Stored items
---+---
(* Let $\Gamma$ be a numerical semigroup with multiplicity $e$ and conductor $c$, let $r>0$ be an integer and $m\in\Gamma$. Let $S_r(m)=\{(m_1,\dots,m_r)\in\Gamma^r: m\le m_1<\cdots<m_r\}$. Set $u=\max\{m+e-1,c+e-1\}$ and define finite sets $F_k(m)\subseteq S_k(m)$ recursively by $F_1(m)=\{m,m+1,\dots,u\}\cap\Gamma$ and, for $k\ge2$, \[ F_k(m)=\{(m_1,\dots,m_k): (m_1,\dots,m_{k-1})\in F_{k-1}(m),\ m_k\in X(m;m_1,\dots,m_{k-1})\}, \] where \[ X(m;m_1,\dots,m_{k-1})=\Big(\big(\{m_{k-1}+1,\dots,u\}\cap\Gamma\big)\cup\{m_1+e,\dots,m_{k-1}+e\}\Big)\setminus\{0,1,\dots,m_{k-1}\}. \] Then \[ \min\{|D_\Gamma(x_1,\dots,x_r)| : (x_1,\dots,x_r)\in F_r(m)\}=\min\{|D_\Gamma(p_1,\dots,p_r)|:(p_1,\dots,p_r)\in S_r(m)\}. \] In particular the right-hand side, which is the $r$-th Feng-Rao distance $\delta^r_\Gamma(m)$, is a minimum over a finite, recursively constructible set.
   Context: A numerical semigroup is a subset $\Gamma\subseteq\mathbb N$ containing $0$, closed under addition, with finite complement; multiplicity = least positive element; conductor = least $c$ with $c+\mathbb N\subseteq\Gamma$. For $x\in\mathbb Z$, $D_\Gamma(x)=\{s\in\Gamma:x-s\in\Gamma\}$ and $D_\Gamma(x_1,\dots,x_r)=D_\Gamma(x_1)\cup\cdots\cup D_\Gamma(x_r)$. The $r$-th Feng-Rao distance is $\delta^r_\Gamma(m)=\min\{|D_\Gamma(m_1,\dots,m_r)|: m\le m_1<\cdots<m_r,\ m_i\in\Gamma\}$. *)

theory Defs
  imports Main
begin

definition numerical_semigroup :: "nat set \<Rightarrow> bool" where
  "numerical_semigroup G \<longleftrightarrow> 0 \<in> G \<and> (\<forall>a\<in>G. \<forall>b\<in>G. a + b \<in> G) \<and> finite (UNIV - G)"

definition multiplicity_ns :: "nat set \<Rightarrow> nat" where
  "multiplicity_ns G = (LEAST x. 0 < x \<and> x \<in> G)"

definition conductor_ns :: "nat set \<Rightarrow> nat" where
  "conductor_ns G = (LEAST c. \<forall>n. c \<le> n \<longrightarrow> n \<in> G)"

text \<open>D_Gamma(x) = {s in Gamma. x - s in Gamma} (integer subtraction; for s > x the
  difference is negative hence not in Gamma, so we require s \<le> x).\<close>
definition Dset :: "nat set \<Rightarrow> nat \<Rightarrow> nat set" where
  "Dset G x = {s \<in> G. s \<le> x \<and> x - s \<in> G}"

definition Dlist :: "nat set \<Rightarrow> nat list \<Rightarrow> nat set" where
  "Dlist G xs = (\<Union>x\<in>set xs. Dset G x)"

definition S_tuples :: "nat set \<Rightarrow> nat \<Rightarrow> nat \<Rightarrow> nat list set" where
  "S_tuples G r m = {xs. length xs = r \<and> set xs \<subseteq> G \<and> sorted_wrt (<) xs \<and> (\<forall>x\<in>set xs. m \<le> x)}"

definition feng_rao :: "nat set \<Rightarrow> nat \<Rightarrow> nat \<Rightarrow> nat" where
  "feng_rao G r m = Inf ((\<lambda>xs. card (Dlist G xs)) ` S_tuples G r m)"

definition u_bound :: "nat set \<Rightarrow> nat \<Rightarrow> nat" where
  "u_bound G m = max (m + multiplicity_ns G - 1) (conductor_ns G + multiplicity_ns G - 1)"

definition X_set :: "nat set \<Rightarrow> nat \<Rightarrow> nat list \<Rightarrow> nat set" where
  "X_set G m xs =
     (({last xs + 1 .. u_bound G m} \<inter> G) \<union> (\<lambda>a. a + multiplicity_ns G) ` set xs) - {0 .. last xs}"

primrec F_tuples :: "nat set \<Rightarrow> nat \<Rightarrow> nat \<Rightarrow> nat list set" where
  "F_tuples G m 0 = {[]}"
| "F_tuples G m (Suc k) =
     (if k = 0 then {[a] | a. a \<in> {m .. u_bound G m} \<inter> G}
      else {xs @ [y] | xs y. xs \<in> F_tuples G m k \<and> y \<in> X_set G m xs})"

end

theory Submission
  imports Defs
begin

text \<open>Let \<open>e\<close> be the multiplicity and \<open>u\<close> the bound \<open>u_bound G m\<close>. For \<open>y \<ge> e\<close> we have
  \<open>D(y - e) \<subseteq> D(y)\<close>, because \<open>y - s = (y - e - s) + e\<close>. Given \<open>p \<in> S\<^sub>r(m)\<close>, choose among the
  tuples of \<open>S\<^sub>r(m)\<close> whose \<open>D\<close>-set lies inside \<open>D(p)\<close> one with least entry sum. If one of its
  entries \<open>y > u\<close> had \<open>y - e\<close> missing from the tuple, replacing \<open>y\<close> by \<open>y - e\<close> (which is at least
  \<open>m\<close> and the conductor, hence in \<open>\<Gamma>\<close>) would keep the \<open>D\<close>-set inside \<open>D(p)\<close> and lower the sum.
  So the minimiser is closed under subtracting \<open>e\<close> above \<open>u\<close>, and such tuples lie in \<open>F\<^sub>r(m)\<close>:
  each entry is either at most \<open>u\<close> or an earlier entry plus \<open>e\<close>.\<close>

lemma numerical_semigroup_add_closed:
  assumes "numerical_semigroup G" "a \<in> G" "b \<in> G"
  shows "a + b \<in> G"
  using assms by (simp add: numerical_semigroup_def)

lemma conductor_ns_le_imp_in:
  assumes "numerical_semigroup G" "conductor_ns G \<le> n"
  shows "n \<in> G"
proof -
  have "finite (UNIV - G)" using assms(1) by (simp add: numerical_semigroup_def)
  then obtain k where "\<forall>n\<in>UNIV - G. n < k" using finite_nat_set_iff_bounded by blast
  then have "\<forall>n. k \<le> n \<longrightarrow> n \<in> G" by (meson DiffI UNIV_I leD)
  then have "\<forall>n. conductor_ns G \<le> n \<longrightarrow> n \<in> G"
    unfolding conductor_ns_def by (rule LeastI)
  then show ?thesis using assms(2) by blast
qed

lemma multiplicity_ns_in:
  assumes "numerical_semigroup G"
  shows "multiplicity_ns G \<in> G" and "0 < multiplicity_ns G"
proof -
  have "0 < Suc (conductor_ns G) \<and> Suc (conductor_ns G) \<in> G"
    using conductor_ns_le_imp_in[OF assms] by simp
  then have "0 < multiplicity_ns G \<and> multiplicity_ns G \<in> G"
    unfolding multiplicity_ns_def by (rule LeastI)
  then show "multiplicity_ns G \<in> G" and "0 < multiplicity_ns G" by simp_all
qed

lemma sorted_wrt_less_le_last:
  assumes "sorted_wrt (<) (xs :: 'a :: linorder list)" "x \<in> set xs"
  shows "x \<le> last xs"
proof -
  obtain ys y where "xs = ys @ [y]" using assms(2) by (cases xs rule: rev_exhaust) auto
  then show ?thesis using assms by (auto simp: sorted_wrt_append)
qed

lemma Dset_subset_Dset_add:
  assumes "numerical_semigroup G" "e \<in> G"
  shows "Dset G x \<subseteq> Dset G (x + e)"
proof
  fix s assume "s \<in> Dset G x"
  then have s: "s \<in> G" "s \<le> x" "x - s \<in> G" by (auto simp: Dset_def)
  have "x + e - s = (x - s) + e" using s(2) by simp
  then have "x + e - s \<in> G" using numerical_semigroup_add_closed[OF assms(1) s(3) assms(2)] by simp
  then show "s \<in> Dset G (x + e)" using s by (auto simp: Dset_def)
qed

lemma finite_Dlist: "finite (Dlist G xs)"
proof -
  have "Dset G x \<subseteq> {0..x}" for x by (auto simp: Dset_def)
  then have "finite (Dset G x)" for x by (meson finite_atLeastAtMost finite_subset)
  then show ?thesis by (simp add: Dlist_def)
qed

lemma F_tuples_subset_S_tuples:
  assumes "numerical_semigroup G"
  shows "F_tuples G m (Suc k) \<subseteq> S_tuples G (Suc k) m"
proof (induction k)
  case 0
  then show ?case by (auto simp: S_tuples_def)
next
  case (Suc k)
  show ?case
  proof
    fix zs assume "zs \<in> F_tuples G m (Suc (Suc k))"
    then obtain xs y where zs: "zs = xs @ [y]" and xs: "xs \<in> F_tuples G m (Suc k)"
      and y: "y \<in> X_set G m xs" by auto
    have xsS: "xs \<in> S_tuples G (Suc k) m" using xs Suc by blast
    then have "xs \<noteq> []" "set xs \<subseteq> G" "sorted_wrt (<) xs" by (auto simp: S_tuples_def)
    have "last xs < y" using y by (auto simp: X_set_def)
    then have below_y: "\<forall>x\<in>set xs. x < y"
      using sorted_wrt_less_le_last[OF \<open>sorted_wrt (<) xs\<close>] by fastforce
    have "y \<in> G"
      using y \<open>set xs \<subseteq> G\<close> multiplicity_ns_in(1)[OF assms]
      by (auto simp: X_set_def intro: numerical_semigroup_add_closed[OF assms])
    moreover have "m \<le> y"
      using xsS \<open>xs \<noteq> []\<close> \<open>last xs < y\<close> by (auto simp: S_tuples_def dest: bspec[OF _ last_in_set])
    ultimately show "zs \<in> S_tuples G (Suc (Suc k)) m"
      using xsS zs below_y by (auto simp: S_tuples_def sorted_wrt_append)
  qed
qed

lemma F_tuples_Suc_Suc:
  "F_tuples G m (Suc (Suc k)) = (\<lambda>(xs, y). xs @ [y]) ` (SIGMA xs:F_tuples G m (Suc k). X_set G m xs)"
  by auto

lemma finite_F_tuples: "finite (F_tuples G m k)"
proof (induction k)
  case (Suc k)
  show ?case
  proof (cases k)
    case 0
    have "F_tuples G m (Suc 0) = (\<lambda>a. [a]) ` ({m .. u_bound G m} \<inter> G)" by auto
    then show ?thesis using 0 by simp
  next
    case (Suc j)
    have "finite (X_set G m xs)" for xs unfolding X_set_def by auto
    then show ?thesis
      unfolding \<open>k = Suc j\<close> F_tuples_Suc_Suc
      using Suc.IH \<open>k = Suc j\<close> by (intro finite_imageI finite_SigmaI) simp_all
  qed
qed simp

lemma F_tuples_nonempty:
  assumes "numerical_semigroup G" "m \<in> G"
  shows "F_tuples G m (Suc k) \<noteq> {}"
proof (induction k)
  case 0
  have "m \<le> u_bound G m" unfolding u_bound_def using multiplicity_ns_in(2)[OF assms(1)] by linarith
  then show ?case using assms(2) by auto
next
  case (Suc k)
  then obtain xs where xs: "xs \<in> F_tuples G m (Suc k)" by blast
  then have "xs \<noteq> []" using F_tuples_subset_S_tuples[OF assms(1)] by (force simp: S_tuples_def)
  then have "last xs + multiplicity_ns G \<in> X_set G m xs"
    using multiplicity_ns_in(2)[OF assms(1)] by (auto simp: X_set_def)
  then show ?case unfolding F_tuples_Suc_Suc using xs by blast
qed

definition shift_closed :: "nat set \<Rightarrow> nat \<Rightarrow> nat list \<Rightarrow> bool" where
  "shift_closed G m xs \<longleftrightarrow> (\<forall>y\<in>set xs. u_bound G m < y \<longrightarrow> y - multiplicity_ns G \<in> set xs)"

lemma shift_closed_butlast:
  assumes "shift_closed G m (ys @ [y])" "\<forall>z\<in>set ys. z < y"
  shows "shift_closed G m ys"
  unfolding shift_closed_def
proof (intro ballI impI)
  fix z assume z: "z \<in> set ys" "u_bound G m < z"
  then have "z - multiplicity_ns G \<in> set (ys @ [y])" using assms(1) by (auto simp: shift_closed_def)
  moreover have "z - multiplicity_ns G \<noteq> y" using assms(2) z(1) by fastforce
  ultimately show "z - multiplicity_ns G \<in> set ys" by auto
qed

lemma shift_closed_in_F_tuples:
  assumes "numerical_semigroup G" "xs \<in> S_tuples G (Suc k) m" "shift_closed G m xs"
  shows "xs \<in> F_tuples G m (Suc k)"
  using assms(2,3)
proof (induction k arbitrary: xs)
  case 0
  then obtain x where x: "xs = [x]" by (auto simp: S_tuples_def length_Suc_conv)
  have "x \<le> u_bound G m"
    using 0(2) multiplicity_ns_in(2)[OF assms(1)] by (auto simp: x shift_closed_def)
  then show ?case using 0(1) x by (auto simp: S_tuples_def)
next
  case (Suc k)
  define e where "e = multiplicity_ns G"
  obtain ys y where xs: "xs = ys @ [y]"
    using Suc.prems(1) by (cases xs rule: rev_exhaust) (auto simp: S_tuples_def)
  have below_y: "\<forall>z\<in>set ys. z < y" and "y \<in> G"
    using Suc.prems(1) by (auto simp: S_tuples_def xs sorted_wrt_append)
  have ysS: "ys \<in> S_tuples G (Suc k) m"
    using Suc.prems(1) by (auto simp: S_tuples_def xs sorted_wrt_append)
  then have "ys \<noteq> []" by (auto simp: S_tuples_def)
  have ys_in_F: "ys \<in> F_tuples G m (Suc k)"
    using Suc.IH[OF ysS] shift_closed_butlast Suc.prems(2) below_y xs by blast
  have "last ys < y" using below_y \<open>ys \<noteq> []\<close> by simp
  have y_in_X: "y \<in> X_set G m ys"
  proof (cases "y \<le> u_bound G m")
    case True
    then show ?thesis using \<open>y \<in> G\<close> \<open>last ys < y\<close> by (auto simp: X_set_def)
  next
    case False
    then have "e \<le> y" unfolding u_bound_def e_def by auto
    have "y - e \<in> set (ys @ [y])"
      using Suc.prems(2) False by (auto simp: xs shift_closed_def e_def)
    moreover have "y - e \<noteq> y" using multiplicity_ns_in(2)[OF assms(1)] \<open>e \<le> y\<close> False e_def by auto
    ultimately have "y \<in> (\<lambda>a. a + e) ` set ys" using \<open>e \<le> y\<close> by (auto intro: image_eqI[of y _ "y - e"])
    then show ?thesis using \<open>last ys < y\<close> by (auto simp: X_set_def e_def)
  qed
  show ?case
    unfolding xs F_tuples_Suc_Suc using ys_in_F y_in_X by (intro image_eqI[where x = "(ys, y)"]) auto
qed

lemma sorted_list_of_set_in_S_tuples:
  assumes "finite A" "A \<subseteq> G" "\<forall>x\<in>A. m \<le> x"
  shows "sorted_list_of_set A \<in> S_tuples G (card A) m"
  using assms by (simp add: S_tuples_def)

lemma shift_down_entry:
  assumes "numerical_semigroup G" "q \<in> S_tuples G r m"
    and "y \<in> set q" "u_bound G m < y" "y - multiplicity_ns G \<notin> set q"
  obtains q' where "q' \<in> S_tuples G r m" "Dlist G q' \<subseteq> Dlist G q" "sum id (set q') < sum id (set q)"
proof -
  define e where "e = multiplicity_ns G"
  have "0 < e" "e \<in> G" using multiplicity_ns_in[OF assms(1)] by (simp_all add: e_def)
  have ge: "m + e \<le> y" "conductor_ns G + e \<le> y"
    using assms(4) \<open>0 < e\<close> unfolding u_bound_def e_def by auto
  have q: "length q = r" "set q \<subseteq> G" "distinct q" "\<forall>x\<in>set q. m \<le> x"
    using assms(2) by (auto simp: S_tuples_def strict_sorted_iff)
  define A where "A = insert (y - e) (set q - {y})"
  have "finite A" by (simp add: A_def)
  have "card A = r"
    using assms(3,5) q(1,3) length_pos_if_in_set[OF assms(3)]
    by (auto simp: A_def e_def distinct_card card.insert_remove)
  moreover have "A \<subseteq> G"
    using q(2) conductor_ns_le_imp_in[OF assms(1)] ge(2) by (auto simp: A_def)
  moreover have "\<forall>x\<in>A. m \<le> x" using q(4) ge(1) by (auto simp: A_def)
  ultimately have in_S: "sorted_list_of_set A \<in> S_tuples G r m"
    using sorted_list_of_set_in_S_tuples[OF \<open>finite A\<close>] by simp
  have set_A: "set (sorted_list_of_set A) = A" using \<open>finite A\<close> by simp
  have "Dset G (y - e) \<subseteq> Dset G y"
    using Dset_subset_Dset_add[OF assms(1) \<open>e \<in> G\<close>, of "y - e"] ge by simp
  then have "Dlist G (sorted_list_of_set A) \<subseteq> Dlist G q"
    using assms(3) unfolding Dlist_def set_A by (auto simp: A_def)
  moreover have "sum id A + e = sum id (set q)"
    using assms(3,5) ge \<open>0 < e\<close> by (simp add: A_def e_def sum.remove)
  then have "sum id (set (sorted_list_of_set A)) < sum id (set q)"
    using \<open>0 < e\<close> set_A by simp
  ultimately show thesis using that in_S by blast
qed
---+---
DIRECTIONS
Copy each line containing the word "cases" from the data.

SOLUTION FOR THIS TASK
  obtain ys y where "xs = ys @ [y]" using assms(2) by (cases xs rule: rev_exhaust) auto
  proof (cases k)
    using Suc.prems(1) by (cases xs rule: rev_exhaust) (auto simp: S_tuples_def)
  proof (cases "y \<le> u_bound G m")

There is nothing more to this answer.